*** Supplied material ***
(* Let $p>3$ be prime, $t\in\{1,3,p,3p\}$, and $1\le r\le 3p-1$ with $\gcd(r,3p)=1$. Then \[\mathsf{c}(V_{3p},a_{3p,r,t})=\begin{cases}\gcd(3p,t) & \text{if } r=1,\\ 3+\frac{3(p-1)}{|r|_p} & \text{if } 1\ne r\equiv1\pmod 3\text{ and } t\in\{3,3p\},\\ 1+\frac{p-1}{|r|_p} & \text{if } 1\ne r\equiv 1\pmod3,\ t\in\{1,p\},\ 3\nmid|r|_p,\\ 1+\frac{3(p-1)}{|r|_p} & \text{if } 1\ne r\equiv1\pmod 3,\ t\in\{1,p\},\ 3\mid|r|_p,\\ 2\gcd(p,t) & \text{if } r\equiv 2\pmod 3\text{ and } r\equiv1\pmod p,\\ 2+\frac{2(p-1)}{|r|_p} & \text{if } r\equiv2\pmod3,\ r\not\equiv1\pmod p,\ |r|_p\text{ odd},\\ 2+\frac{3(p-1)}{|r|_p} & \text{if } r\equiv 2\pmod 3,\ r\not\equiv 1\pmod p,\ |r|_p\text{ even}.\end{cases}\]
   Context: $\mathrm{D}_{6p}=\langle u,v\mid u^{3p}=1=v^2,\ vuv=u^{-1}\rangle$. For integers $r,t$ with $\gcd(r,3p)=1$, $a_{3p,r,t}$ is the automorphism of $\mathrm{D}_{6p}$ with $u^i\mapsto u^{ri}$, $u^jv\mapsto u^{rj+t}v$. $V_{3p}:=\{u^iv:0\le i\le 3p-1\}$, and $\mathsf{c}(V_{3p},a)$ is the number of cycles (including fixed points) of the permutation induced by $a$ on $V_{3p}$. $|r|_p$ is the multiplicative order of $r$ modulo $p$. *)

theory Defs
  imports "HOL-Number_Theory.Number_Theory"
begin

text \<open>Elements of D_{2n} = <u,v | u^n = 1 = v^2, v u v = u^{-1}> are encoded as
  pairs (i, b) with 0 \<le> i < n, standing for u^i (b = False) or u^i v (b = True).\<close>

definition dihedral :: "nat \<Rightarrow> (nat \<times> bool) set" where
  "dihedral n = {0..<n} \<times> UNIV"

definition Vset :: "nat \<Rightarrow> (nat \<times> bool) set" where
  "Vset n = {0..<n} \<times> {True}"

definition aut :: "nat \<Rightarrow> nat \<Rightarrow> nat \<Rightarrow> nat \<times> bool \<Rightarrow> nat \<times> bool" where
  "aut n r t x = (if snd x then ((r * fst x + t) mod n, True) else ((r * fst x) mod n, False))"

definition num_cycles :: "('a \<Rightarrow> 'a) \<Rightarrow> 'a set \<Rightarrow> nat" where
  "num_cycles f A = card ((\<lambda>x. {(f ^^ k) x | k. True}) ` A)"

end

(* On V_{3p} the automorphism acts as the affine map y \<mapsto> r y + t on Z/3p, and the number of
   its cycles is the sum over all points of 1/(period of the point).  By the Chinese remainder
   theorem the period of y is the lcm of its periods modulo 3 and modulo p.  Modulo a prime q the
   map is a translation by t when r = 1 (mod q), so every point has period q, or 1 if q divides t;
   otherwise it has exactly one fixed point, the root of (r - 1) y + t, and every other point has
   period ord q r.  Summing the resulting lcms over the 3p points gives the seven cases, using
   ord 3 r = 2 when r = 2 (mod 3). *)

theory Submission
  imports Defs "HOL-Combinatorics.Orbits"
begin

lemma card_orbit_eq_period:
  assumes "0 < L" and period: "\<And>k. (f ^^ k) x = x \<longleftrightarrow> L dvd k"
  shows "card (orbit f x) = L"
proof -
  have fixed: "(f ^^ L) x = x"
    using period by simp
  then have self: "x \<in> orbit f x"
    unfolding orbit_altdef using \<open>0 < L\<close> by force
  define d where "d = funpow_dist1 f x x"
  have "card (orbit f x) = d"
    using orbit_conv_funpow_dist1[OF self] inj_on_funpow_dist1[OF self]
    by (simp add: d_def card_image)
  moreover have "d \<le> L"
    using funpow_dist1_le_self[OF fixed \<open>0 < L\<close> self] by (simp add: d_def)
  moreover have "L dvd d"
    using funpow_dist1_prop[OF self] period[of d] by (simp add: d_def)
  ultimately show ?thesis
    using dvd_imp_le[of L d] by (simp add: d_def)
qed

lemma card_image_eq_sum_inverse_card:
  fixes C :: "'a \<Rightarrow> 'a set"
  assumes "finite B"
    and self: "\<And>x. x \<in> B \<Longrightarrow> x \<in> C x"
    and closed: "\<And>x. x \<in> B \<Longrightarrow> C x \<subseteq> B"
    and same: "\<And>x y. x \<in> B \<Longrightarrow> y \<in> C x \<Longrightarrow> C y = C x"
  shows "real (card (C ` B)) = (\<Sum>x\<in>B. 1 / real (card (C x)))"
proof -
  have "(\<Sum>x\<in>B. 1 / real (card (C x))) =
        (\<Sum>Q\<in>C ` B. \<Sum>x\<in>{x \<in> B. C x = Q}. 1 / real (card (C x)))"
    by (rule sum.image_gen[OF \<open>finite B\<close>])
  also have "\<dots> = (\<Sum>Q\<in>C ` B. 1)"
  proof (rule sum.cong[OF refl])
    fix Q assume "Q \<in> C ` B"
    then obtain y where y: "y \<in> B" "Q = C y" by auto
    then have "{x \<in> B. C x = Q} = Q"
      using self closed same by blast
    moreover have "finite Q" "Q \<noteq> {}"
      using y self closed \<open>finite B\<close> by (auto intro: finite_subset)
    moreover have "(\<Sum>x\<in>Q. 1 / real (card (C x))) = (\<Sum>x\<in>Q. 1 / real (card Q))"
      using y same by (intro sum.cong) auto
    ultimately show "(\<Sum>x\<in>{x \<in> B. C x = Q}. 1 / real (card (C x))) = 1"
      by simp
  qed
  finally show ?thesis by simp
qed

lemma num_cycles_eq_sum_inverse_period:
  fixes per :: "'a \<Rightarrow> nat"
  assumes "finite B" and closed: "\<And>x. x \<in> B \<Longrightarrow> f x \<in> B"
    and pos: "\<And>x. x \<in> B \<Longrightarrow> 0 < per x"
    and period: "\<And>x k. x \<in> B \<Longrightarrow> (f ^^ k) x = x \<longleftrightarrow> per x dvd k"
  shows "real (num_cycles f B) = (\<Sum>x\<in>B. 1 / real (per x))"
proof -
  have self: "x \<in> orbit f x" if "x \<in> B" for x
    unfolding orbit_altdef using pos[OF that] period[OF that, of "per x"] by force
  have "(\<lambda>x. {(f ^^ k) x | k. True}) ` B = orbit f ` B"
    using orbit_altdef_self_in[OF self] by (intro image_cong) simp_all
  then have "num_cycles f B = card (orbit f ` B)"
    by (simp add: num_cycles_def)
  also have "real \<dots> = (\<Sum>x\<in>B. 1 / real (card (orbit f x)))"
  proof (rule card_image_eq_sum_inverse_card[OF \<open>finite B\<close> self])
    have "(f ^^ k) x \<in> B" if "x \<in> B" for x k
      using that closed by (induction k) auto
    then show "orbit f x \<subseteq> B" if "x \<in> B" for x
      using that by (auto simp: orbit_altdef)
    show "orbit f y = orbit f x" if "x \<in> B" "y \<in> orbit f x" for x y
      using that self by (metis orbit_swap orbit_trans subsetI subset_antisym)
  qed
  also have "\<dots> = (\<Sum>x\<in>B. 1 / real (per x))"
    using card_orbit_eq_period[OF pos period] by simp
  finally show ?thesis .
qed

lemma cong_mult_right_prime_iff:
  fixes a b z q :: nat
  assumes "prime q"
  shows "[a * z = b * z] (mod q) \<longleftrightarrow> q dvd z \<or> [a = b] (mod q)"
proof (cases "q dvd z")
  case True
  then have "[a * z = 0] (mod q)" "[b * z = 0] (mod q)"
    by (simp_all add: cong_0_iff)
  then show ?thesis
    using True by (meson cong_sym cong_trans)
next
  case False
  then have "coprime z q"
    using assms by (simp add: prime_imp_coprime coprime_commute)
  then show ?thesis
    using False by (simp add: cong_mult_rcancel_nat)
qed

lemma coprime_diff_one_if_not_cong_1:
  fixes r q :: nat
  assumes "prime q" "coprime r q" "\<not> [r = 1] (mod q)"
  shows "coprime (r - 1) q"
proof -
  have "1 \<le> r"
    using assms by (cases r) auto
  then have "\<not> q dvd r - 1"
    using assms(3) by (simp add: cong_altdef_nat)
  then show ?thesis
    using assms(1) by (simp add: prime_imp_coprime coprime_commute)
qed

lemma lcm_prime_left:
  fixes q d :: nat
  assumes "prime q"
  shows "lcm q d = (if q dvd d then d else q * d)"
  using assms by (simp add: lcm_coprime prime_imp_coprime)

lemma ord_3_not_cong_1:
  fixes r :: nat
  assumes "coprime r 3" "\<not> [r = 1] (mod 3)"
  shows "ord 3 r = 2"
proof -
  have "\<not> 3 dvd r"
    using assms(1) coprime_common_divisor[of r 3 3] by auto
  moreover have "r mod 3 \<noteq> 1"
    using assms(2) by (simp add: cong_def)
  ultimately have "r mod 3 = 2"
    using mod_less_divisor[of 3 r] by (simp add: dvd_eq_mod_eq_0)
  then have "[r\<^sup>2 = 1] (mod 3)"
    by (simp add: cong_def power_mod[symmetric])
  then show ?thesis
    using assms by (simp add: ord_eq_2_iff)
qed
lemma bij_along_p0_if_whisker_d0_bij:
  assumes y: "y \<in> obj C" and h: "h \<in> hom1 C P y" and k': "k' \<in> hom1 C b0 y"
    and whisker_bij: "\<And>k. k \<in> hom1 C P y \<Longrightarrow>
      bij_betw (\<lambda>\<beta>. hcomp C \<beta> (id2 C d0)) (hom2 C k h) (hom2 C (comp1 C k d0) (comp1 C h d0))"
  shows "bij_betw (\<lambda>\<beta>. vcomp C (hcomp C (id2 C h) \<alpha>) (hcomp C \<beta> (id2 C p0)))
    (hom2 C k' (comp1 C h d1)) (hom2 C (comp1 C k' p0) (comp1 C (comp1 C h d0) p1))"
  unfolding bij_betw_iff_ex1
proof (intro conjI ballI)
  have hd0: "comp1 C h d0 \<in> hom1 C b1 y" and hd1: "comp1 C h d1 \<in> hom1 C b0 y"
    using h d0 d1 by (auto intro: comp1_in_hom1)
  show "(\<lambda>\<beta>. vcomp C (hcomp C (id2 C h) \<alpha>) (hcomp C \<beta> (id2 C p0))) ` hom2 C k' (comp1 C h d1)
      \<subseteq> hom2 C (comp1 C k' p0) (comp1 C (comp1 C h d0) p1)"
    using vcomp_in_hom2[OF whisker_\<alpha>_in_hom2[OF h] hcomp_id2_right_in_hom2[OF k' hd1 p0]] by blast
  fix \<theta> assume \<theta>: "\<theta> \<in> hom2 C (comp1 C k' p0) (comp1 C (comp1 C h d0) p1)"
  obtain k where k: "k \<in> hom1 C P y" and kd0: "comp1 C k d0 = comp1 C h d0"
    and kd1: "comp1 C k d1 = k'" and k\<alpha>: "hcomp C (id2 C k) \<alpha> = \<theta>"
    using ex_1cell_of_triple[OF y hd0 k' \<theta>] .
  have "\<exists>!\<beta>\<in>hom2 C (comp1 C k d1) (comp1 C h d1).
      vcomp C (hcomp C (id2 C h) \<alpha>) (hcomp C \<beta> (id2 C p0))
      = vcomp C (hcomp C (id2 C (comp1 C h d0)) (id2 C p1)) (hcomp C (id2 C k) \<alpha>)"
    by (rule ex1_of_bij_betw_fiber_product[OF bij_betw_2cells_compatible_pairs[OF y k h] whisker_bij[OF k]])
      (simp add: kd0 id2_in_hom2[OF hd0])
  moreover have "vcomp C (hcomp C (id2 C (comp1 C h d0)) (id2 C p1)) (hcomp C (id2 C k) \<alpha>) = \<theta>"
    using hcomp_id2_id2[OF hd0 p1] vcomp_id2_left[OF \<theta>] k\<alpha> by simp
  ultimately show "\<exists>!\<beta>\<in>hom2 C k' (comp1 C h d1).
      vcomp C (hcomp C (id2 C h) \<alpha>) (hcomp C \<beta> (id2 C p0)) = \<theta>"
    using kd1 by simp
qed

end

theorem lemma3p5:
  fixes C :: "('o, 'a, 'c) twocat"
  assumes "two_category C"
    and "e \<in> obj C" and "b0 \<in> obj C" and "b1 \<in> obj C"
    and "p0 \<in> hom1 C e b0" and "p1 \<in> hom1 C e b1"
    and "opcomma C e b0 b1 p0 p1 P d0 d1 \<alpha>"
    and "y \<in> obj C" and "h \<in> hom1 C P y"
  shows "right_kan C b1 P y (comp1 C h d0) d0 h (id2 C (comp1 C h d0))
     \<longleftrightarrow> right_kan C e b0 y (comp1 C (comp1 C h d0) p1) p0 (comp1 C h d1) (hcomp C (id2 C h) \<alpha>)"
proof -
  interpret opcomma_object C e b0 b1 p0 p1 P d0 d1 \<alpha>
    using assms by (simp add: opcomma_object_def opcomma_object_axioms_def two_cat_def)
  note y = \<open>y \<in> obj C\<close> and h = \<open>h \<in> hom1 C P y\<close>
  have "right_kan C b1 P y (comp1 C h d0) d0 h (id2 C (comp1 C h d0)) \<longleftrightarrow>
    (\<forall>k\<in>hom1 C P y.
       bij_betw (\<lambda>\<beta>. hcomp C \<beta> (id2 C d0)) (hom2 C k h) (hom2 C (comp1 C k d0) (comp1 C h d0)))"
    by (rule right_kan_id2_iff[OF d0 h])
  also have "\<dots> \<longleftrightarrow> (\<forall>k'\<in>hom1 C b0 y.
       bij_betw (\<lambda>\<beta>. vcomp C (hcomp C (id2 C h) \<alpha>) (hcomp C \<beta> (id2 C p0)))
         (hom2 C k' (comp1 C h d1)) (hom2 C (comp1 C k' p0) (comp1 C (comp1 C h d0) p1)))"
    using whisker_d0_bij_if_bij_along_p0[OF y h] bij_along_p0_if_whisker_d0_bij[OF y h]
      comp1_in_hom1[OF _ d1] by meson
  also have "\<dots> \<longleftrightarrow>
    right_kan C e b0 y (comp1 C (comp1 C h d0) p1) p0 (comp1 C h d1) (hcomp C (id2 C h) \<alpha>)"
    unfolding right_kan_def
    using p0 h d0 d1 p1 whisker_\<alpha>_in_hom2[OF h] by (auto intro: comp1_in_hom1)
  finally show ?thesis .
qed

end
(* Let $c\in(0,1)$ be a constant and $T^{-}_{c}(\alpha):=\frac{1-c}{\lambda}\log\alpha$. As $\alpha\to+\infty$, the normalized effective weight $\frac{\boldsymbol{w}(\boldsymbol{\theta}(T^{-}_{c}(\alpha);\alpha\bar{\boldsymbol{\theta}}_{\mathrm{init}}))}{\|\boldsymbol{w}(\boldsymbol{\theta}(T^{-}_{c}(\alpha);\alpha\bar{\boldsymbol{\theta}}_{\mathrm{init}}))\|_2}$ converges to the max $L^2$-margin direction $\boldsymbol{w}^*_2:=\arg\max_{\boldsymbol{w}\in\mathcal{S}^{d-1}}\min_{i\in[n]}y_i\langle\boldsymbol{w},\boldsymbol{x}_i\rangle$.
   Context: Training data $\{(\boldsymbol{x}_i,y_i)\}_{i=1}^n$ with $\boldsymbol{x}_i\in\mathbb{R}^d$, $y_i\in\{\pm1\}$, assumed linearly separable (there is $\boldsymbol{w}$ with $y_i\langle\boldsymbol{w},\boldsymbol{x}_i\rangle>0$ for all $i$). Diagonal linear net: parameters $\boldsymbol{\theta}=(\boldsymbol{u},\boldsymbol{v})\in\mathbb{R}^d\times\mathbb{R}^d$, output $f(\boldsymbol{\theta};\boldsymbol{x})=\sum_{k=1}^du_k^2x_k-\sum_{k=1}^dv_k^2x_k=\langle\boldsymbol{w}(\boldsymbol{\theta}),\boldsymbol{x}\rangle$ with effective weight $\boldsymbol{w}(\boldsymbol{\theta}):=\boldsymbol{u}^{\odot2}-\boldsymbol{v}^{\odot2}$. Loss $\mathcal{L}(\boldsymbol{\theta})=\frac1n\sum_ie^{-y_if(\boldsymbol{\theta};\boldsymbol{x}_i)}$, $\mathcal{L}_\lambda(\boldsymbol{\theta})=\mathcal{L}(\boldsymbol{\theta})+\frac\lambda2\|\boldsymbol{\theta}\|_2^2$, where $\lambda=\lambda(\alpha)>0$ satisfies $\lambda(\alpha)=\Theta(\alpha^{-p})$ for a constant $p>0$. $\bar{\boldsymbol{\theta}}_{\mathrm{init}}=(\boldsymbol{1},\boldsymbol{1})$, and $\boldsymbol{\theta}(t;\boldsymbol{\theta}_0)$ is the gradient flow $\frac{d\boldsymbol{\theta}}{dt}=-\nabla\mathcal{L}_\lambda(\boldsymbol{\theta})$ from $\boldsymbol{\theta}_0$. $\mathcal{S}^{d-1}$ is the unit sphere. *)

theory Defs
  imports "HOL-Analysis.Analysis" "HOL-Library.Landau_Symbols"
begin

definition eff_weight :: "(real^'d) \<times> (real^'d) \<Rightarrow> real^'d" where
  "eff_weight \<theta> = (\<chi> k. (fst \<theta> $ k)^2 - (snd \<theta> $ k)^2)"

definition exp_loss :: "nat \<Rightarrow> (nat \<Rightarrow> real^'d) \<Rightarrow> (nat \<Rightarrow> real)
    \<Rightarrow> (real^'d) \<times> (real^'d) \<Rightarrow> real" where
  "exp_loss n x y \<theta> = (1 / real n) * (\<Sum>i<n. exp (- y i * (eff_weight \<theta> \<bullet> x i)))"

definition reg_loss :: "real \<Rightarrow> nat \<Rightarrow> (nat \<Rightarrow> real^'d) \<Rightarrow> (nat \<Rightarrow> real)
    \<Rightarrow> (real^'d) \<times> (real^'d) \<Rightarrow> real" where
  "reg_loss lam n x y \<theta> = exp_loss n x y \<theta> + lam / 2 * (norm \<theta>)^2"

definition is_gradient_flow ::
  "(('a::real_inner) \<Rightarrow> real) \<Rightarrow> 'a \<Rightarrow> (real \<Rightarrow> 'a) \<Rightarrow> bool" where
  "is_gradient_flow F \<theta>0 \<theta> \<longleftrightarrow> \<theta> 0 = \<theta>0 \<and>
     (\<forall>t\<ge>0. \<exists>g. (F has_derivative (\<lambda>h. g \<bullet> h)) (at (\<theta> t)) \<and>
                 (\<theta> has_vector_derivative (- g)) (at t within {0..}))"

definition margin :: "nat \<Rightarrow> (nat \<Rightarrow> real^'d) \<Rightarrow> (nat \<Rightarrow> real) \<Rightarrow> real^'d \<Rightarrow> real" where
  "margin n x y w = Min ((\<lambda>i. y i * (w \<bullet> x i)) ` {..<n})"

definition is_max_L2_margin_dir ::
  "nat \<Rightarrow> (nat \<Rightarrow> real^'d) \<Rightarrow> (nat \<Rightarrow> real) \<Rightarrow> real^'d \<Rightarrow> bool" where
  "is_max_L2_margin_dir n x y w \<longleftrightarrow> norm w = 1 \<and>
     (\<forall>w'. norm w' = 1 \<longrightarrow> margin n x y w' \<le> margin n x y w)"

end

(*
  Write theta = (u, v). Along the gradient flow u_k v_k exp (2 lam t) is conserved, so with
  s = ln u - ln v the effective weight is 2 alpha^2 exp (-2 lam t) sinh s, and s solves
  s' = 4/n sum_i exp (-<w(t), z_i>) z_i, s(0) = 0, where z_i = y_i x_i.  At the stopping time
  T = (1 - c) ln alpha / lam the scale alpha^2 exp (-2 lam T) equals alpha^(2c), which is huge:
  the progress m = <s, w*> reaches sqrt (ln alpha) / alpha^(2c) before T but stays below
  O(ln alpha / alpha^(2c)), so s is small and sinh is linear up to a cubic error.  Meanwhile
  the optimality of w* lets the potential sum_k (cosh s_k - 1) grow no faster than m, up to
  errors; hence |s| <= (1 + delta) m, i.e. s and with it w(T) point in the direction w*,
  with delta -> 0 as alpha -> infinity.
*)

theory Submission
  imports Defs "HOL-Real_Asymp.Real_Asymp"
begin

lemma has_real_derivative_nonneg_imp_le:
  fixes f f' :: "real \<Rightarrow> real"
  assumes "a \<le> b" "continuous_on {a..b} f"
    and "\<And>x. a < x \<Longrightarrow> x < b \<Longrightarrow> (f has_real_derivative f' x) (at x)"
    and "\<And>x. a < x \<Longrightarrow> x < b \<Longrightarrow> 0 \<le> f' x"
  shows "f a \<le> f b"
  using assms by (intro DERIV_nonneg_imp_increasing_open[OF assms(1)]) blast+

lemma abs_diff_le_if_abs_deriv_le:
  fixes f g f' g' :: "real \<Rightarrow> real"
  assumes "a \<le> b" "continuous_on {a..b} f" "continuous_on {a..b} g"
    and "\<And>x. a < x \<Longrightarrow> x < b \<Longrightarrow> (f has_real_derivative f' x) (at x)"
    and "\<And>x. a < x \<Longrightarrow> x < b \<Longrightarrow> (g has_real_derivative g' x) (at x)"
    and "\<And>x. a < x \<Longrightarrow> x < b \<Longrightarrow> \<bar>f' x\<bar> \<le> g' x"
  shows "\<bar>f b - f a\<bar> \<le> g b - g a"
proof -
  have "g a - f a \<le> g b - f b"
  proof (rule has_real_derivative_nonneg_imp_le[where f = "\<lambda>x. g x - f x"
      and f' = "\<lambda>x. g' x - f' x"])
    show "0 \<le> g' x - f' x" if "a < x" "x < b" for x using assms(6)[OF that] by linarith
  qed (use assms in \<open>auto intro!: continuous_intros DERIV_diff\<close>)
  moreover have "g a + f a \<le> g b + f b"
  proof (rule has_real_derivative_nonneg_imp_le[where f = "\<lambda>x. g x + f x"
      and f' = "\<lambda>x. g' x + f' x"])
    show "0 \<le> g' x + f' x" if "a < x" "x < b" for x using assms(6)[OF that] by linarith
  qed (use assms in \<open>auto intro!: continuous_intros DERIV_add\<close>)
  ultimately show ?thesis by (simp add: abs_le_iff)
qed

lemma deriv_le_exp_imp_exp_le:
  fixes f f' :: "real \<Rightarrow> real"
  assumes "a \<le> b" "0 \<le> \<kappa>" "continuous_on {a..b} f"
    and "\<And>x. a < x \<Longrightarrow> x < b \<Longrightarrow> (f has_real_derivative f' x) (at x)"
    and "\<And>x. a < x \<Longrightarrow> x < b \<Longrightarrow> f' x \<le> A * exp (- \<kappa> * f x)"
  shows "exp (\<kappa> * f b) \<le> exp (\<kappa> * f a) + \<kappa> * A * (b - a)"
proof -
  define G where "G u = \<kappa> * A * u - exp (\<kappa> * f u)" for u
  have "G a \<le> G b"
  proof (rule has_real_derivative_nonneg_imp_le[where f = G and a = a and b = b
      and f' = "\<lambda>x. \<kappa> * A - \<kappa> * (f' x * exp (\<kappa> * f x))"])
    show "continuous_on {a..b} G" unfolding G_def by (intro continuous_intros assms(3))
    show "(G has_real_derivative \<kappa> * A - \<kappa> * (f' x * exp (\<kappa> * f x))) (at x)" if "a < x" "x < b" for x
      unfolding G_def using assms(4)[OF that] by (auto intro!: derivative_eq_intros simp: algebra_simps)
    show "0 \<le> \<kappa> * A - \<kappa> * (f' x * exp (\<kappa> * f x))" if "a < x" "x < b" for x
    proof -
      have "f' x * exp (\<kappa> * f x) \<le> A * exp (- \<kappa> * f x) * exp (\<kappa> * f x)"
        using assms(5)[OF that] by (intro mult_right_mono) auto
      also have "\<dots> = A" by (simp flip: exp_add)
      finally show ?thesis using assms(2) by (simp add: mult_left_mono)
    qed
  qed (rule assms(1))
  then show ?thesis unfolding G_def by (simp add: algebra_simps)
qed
*** End of Supplied material ***
**Task description**
Tally the lines in the data that contain the string "Defs". Report only the total.

**Task response**
4